How do I take Auvelity?
- The initial recommended dose is one tablet once daily in the morning, which is increased to one tablet twice daily after 3 days. Do not take more than two doses within the same day.
- Swallow the tablets whole: do not chew, divide or crush the tablets.
- You can take Auvelity with or without food.
Your doctor may need to adjust your dose if you have kidney impairment or changes in the way you metabolize (break down) the medicine in your body.
Take Auvelity exactly as your doctor prescribes it.
What are the common side effects with Auvelity?
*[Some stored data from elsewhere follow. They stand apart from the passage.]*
lemma poly_eval_flat_rat_weight_in_classF:
  assumes c: "is_poly n c" "c (\<lambda>_. 0) = 0" "\<exists>m. c m \<noteq> 0"
    and r: "inj_on r {..<n}" "\<And>i. 1 \<le> r i"
  shows "(\<exists>x\<in>{0..1}. poly_eval n c (\<lambda>i. flat (r i) (rat_weight x)) \<noteq> 0) \<and>
    (\<lambda>x. poly_eval n c (\<lambda>i. flat (r i) (rat_weight x))) \<in> classF"
proof
  have "r i > 0" for i using r(2)[of i] by linarith
  note dense = poly_eval_flat_rat_weight_dense_support[OF c(1,3) r(1) this]
  obtain x where "0 < x" "x < 1" "poly_eval n c (\<lambda>i. flat (r i) (rat_weight x)) \<noteq> 0"
    using dense[of 0 1] by auto
  then show "\<exists>x\<in>{0..1}. poly_eval n c (\<lambda>i. flat (r i) (rat_weight x)) \<noteq> 0"
    by (intro bexI[of _ x]) auto
  show "(\<lambda>x. poly_eval n c (\<lambda>i. flat (r i) (rat_weight x))) \<in> classF"
    using sum_abs_poly_eval_flat_rat_weight_le[OF c(1,2) r(2)] dense
    by (rule in_classF_if_sums_bounded_and_dense_support)
qed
Common side effects (in at least 5% of patients) include:
- dizziness
- headache
- diarrhea
- somnolence (drowsiness)
- dry mouth
- sexual dysfunction
- hyperhidrosis (excessive sweating)
Auvelity also carries a Boxed Warning for suicidal thoughts and behaviors. Other warnings and precautions include: increased seizure risk, increased blood pressure / hypertension, mania or hypomania, psychosis and other neuropsychiatric reactions, angle-closure glaucoma, dizziness, serotonin syndrome, and embryo-fetal toxicity.
This is not all the information you need to know about Auvelity for safe and effective use and does not take the place of your doctor’s directions. Review the full product information and discuss this information and any questions you have with your doctor or other health care provider.